**YOUR ASSIGNMENT**
Each line containing the string "longleftrightarrow" should be copied out of the entries.
** Opening AVAILABLE DATA block **
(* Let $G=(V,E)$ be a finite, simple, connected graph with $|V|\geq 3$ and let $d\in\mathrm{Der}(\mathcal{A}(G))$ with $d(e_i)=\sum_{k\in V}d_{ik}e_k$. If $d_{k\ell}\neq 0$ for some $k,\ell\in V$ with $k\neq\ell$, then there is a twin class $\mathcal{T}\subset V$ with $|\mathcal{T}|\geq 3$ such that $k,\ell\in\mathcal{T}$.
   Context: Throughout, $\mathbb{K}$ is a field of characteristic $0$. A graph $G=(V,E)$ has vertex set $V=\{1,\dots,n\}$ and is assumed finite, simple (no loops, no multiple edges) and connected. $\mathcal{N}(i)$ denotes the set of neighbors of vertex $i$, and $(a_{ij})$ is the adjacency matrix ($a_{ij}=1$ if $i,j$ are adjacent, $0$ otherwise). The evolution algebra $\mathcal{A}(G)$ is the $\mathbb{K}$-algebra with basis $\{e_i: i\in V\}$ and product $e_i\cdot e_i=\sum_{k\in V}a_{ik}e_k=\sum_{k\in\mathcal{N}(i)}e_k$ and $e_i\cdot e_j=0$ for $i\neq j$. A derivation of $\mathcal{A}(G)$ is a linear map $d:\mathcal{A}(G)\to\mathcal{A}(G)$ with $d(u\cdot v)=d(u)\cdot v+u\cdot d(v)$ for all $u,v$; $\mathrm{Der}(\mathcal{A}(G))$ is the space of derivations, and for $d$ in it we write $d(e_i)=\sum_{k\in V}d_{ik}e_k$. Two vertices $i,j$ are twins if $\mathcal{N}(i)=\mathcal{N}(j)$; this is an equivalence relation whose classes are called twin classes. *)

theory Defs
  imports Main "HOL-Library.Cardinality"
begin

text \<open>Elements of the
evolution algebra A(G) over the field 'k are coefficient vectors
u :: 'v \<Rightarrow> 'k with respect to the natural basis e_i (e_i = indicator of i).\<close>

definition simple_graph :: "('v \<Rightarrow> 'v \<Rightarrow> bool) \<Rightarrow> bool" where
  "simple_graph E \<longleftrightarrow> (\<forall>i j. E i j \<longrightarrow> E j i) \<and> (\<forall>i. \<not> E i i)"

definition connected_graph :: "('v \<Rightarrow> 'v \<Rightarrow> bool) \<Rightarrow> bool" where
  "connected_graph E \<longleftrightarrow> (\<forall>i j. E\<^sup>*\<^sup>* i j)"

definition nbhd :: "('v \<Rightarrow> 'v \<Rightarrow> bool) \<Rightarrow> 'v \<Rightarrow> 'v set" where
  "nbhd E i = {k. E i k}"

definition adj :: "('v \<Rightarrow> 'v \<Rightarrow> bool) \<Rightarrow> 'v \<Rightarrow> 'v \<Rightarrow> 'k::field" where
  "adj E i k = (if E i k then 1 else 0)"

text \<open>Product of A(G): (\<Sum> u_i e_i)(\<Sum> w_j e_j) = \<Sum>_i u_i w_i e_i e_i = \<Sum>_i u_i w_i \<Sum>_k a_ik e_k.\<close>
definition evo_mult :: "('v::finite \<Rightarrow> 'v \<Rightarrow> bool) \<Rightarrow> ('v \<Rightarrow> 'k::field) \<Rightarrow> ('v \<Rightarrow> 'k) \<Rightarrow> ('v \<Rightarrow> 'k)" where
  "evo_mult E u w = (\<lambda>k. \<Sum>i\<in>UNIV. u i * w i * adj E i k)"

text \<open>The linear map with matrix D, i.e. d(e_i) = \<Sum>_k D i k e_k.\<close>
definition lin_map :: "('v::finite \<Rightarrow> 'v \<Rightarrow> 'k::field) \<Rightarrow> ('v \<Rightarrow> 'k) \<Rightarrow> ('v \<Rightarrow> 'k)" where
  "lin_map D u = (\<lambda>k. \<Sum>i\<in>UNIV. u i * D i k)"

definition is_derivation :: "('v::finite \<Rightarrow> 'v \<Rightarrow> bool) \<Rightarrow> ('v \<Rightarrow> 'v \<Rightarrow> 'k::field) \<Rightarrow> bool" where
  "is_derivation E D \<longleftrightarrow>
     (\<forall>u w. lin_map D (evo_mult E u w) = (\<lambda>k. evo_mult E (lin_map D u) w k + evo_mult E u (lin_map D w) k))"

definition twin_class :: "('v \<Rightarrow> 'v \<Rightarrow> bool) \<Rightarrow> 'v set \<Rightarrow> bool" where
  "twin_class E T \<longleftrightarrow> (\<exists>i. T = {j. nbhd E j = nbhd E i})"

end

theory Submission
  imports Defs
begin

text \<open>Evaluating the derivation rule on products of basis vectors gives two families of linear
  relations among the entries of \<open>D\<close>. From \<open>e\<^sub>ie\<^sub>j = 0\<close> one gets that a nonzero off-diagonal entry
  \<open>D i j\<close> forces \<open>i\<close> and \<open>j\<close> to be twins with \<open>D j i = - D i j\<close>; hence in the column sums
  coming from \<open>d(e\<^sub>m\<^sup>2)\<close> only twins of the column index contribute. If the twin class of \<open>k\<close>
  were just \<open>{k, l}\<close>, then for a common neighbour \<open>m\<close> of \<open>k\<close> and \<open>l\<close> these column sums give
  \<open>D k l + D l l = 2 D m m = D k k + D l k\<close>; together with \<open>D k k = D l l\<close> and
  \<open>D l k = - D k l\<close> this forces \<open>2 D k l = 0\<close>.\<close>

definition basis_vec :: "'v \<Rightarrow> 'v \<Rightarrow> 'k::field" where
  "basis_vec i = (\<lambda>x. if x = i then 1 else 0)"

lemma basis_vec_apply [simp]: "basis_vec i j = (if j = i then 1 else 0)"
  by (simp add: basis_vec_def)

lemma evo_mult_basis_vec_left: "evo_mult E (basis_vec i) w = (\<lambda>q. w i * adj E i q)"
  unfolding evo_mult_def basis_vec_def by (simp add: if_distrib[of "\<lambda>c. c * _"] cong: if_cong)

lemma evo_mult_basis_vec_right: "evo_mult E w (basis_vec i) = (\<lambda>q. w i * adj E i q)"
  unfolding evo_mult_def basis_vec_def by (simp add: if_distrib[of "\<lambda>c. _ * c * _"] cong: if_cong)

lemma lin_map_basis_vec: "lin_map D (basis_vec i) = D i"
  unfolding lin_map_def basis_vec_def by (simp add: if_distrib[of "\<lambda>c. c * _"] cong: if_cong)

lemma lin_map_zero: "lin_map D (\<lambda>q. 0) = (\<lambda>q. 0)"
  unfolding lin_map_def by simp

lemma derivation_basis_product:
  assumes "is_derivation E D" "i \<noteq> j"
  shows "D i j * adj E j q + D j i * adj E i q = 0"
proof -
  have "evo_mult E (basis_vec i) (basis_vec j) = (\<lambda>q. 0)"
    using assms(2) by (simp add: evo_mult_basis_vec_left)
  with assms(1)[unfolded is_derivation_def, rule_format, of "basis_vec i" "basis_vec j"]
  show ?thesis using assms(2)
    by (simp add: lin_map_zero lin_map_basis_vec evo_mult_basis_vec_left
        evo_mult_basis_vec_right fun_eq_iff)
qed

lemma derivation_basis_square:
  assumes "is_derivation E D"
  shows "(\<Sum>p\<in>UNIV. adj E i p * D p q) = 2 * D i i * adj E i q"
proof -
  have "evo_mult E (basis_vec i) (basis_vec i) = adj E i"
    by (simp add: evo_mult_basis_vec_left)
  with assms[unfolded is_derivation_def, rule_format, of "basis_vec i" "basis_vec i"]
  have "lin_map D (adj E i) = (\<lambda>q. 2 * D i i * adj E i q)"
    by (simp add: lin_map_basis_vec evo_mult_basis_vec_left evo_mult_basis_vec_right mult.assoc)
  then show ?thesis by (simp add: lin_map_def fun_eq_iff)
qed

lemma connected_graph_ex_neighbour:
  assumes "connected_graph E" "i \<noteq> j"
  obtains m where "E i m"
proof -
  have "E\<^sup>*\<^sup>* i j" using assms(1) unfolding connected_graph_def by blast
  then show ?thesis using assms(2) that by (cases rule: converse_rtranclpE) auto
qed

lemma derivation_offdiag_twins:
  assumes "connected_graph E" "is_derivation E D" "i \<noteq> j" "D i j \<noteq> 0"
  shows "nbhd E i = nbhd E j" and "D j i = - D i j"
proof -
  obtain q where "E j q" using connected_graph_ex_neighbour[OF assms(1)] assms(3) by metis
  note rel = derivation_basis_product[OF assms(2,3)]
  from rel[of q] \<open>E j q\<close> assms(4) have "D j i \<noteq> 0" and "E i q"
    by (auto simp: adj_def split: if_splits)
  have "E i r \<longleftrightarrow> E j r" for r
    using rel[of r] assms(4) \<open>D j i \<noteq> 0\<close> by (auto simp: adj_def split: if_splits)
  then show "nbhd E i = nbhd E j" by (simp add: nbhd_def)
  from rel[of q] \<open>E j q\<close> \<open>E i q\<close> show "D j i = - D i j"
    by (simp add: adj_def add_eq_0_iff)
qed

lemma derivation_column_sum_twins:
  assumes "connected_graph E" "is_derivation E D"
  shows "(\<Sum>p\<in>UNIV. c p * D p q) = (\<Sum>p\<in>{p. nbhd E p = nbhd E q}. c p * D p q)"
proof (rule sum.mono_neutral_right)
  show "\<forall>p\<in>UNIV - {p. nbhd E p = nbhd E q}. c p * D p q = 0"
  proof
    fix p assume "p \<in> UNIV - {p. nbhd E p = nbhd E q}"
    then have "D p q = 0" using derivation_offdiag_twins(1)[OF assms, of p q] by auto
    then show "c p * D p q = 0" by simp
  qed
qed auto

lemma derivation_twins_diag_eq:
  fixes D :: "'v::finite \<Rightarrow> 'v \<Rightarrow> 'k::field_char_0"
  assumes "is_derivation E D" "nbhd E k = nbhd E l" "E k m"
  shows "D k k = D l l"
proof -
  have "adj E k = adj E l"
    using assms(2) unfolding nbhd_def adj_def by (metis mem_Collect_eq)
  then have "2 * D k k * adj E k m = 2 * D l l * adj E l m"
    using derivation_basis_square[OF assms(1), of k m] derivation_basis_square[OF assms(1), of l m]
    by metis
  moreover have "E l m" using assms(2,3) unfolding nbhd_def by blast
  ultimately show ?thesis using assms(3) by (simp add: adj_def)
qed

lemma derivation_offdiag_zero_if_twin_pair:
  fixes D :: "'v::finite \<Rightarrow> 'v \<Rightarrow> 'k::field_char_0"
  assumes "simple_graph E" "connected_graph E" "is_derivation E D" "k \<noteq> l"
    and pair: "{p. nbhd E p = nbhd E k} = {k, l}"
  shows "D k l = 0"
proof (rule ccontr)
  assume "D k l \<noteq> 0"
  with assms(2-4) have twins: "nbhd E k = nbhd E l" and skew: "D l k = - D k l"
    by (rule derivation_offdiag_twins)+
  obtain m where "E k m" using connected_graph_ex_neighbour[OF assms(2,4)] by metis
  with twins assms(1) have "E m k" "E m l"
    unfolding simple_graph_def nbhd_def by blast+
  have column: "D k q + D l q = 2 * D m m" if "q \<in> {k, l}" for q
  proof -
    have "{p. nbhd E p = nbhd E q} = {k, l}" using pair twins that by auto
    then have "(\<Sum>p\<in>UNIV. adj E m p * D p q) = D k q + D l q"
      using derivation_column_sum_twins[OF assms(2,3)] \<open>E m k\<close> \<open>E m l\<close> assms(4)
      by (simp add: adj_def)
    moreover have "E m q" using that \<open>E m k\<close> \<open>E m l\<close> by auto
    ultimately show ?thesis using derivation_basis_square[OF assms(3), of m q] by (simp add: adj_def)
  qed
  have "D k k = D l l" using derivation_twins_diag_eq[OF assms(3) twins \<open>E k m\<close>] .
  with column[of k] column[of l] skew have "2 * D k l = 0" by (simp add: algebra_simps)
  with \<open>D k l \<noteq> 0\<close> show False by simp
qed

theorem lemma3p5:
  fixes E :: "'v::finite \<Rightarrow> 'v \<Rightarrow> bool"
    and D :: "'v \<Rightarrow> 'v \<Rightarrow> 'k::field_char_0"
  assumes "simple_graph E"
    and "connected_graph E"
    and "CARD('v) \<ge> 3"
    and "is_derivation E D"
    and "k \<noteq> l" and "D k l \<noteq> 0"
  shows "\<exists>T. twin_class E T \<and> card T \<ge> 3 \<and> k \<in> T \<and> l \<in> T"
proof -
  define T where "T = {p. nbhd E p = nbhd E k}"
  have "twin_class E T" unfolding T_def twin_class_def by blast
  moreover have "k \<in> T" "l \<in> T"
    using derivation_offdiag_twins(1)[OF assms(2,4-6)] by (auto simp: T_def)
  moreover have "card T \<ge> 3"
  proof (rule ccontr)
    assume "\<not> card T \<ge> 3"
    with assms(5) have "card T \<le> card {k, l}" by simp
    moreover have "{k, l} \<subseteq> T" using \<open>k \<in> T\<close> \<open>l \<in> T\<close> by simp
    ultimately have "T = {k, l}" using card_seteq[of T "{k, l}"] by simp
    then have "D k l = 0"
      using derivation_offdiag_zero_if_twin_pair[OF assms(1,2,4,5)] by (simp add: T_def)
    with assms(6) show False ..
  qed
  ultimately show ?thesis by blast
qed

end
** Closing AVAILABLE DATA block **
** Opening AVAILABLE DATA block **
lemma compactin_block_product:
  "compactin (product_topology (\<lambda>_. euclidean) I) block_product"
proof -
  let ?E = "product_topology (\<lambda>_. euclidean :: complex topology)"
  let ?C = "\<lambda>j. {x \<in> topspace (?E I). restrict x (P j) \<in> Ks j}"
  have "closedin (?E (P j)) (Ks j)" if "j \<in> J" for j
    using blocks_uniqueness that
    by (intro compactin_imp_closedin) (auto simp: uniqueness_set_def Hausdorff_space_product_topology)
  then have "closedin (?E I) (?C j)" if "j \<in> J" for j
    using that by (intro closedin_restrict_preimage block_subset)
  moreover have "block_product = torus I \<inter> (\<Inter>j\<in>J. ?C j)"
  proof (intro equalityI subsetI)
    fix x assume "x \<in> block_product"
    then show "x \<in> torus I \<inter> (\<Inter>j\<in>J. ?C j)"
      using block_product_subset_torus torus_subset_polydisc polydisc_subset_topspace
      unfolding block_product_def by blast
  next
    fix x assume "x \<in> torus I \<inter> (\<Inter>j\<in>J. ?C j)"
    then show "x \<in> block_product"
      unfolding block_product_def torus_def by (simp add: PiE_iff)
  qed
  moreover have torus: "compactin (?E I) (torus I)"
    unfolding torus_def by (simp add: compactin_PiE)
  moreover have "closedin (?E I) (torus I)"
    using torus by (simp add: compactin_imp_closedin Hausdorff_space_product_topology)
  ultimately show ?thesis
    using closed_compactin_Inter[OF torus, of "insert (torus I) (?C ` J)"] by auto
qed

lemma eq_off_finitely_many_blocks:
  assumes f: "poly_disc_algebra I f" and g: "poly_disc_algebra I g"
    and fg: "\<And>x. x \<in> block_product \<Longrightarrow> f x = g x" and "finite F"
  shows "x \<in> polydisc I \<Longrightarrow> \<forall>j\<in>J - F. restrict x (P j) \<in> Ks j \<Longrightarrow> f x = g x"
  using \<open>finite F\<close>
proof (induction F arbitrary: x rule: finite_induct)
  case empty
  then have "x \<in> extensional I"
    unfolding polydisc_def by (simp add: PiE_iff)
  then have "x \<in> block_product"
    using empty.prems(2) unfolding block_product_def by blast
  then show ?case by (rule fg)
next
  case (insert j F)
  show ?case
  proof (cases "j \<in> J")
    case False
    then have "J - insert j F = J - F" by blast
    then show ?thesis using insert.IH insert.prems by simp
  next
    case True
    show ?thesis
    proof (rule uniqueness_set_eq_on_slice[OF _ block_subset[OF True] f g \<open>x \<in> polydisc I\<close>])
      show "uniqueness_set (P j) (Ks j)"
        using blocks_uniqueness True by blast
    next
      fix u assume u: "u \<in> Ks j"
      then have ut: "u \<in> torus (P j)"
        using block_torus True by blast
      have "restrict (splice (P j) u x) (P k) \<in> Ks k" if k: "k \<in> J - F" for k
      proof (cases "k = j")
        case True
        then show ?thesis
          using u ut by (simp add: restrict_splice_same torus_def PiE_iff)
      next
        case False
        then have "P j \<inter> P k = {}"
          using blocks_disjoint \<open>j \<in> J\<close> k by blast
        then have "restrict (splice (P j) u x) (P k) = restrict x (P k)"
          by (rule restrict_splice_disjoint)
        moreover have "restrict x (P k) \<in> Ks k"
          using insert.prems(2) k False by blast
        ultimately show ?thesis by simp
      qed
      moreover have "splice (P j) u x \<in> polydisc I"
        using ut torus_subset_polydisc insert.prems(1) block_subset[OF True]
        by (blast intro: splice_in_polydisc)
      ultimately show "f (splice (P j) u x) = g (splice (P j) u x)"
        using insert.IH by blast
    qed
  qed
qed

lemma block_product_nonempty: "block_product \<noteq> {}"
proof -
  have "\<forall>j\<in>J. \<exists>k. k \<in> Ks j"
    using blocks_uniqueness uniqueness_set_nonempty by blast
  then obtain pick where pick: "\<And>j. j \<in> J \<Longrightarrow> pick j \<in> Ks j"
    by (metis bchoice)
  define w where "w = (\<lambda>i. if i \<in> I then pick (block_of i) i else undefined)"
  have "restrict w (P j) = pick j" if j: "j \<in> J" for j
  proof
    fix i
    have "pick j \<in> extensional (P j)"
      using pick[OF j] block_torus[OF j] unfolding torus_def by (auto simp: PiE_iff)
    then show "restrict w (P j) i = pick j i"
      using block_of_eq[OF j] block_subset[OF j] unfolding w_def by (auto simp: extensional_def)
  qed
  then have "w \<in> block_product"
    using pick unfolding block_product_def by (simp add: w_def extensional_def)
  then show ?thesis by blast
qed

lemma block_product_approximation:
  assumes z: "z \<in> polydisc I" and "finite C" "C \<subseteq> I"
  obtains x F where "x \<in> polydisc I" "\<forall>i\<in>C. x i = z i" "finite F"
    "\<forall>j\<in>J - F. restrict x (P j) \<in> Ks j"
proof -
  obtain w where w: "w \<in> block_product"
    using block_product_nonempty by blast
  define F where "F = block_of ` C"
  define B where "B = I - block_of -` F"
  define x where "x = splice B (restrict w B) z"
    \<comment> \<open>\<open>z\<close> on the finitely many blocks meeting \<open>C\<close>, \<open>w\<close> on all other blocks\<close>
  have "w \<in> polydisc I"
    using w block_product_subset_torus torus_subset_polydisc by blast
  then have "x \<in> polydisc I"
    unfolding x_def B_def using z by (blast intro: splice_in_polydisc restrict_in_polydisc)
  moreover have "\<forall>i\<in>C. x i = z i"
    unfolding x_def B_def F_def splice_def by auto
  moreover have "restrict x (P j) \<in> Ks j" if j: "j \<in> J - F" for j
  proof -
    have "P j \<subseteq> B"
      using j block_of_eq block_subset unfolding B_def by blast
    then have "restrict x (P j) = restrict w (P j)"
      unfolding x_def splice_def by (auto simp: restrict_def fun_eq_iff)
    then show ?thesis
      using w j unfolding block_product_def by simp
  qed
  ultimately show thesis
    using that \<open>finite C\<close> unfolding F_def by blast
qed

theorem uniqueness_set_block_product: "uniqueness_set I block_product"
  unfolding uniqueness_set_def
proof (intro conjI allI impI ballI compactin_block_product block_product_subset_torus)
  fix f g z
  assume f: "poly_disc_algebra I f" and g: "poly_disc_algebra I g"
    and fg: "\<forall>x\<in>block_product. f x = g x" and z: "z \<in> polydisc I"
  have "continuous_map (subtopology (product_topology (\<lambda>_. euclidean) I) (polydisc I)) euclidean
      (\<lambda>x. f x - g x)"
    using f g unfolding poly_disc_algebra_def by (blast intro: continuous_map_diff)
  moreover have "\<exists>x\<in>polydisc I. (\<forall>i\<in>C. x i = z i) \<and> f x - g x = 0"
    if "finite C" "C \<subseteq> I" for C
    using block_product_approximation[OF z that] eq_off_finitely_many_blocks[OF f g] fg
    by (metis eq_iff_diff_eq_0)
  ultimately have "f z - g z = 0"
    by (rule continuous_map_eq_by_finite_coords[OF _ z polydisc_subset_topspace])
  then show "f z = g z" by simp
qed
** Closing AVAILABLE DATA block **
**PROBLEM SOLUTION**
  "simple_graph E \<longleftrightarrow> (\<forall>i j. E i j \<longrightarrow> E j i) \<and> (\<forall>i. \<not> E i i)"
  "connected_graph E \<longleftrightarrow> (\<forall>i j. E\<^sup>*\<^sup>* i j)"
  "is_derivation E D \<longleftrightarrow>
  "twin_class E T \<longleftrightarrow> (\<exists>i. T = {j. nbhd E j = nbhd E i})"
  have "E i r \<longleftrightarrow> E j r" for r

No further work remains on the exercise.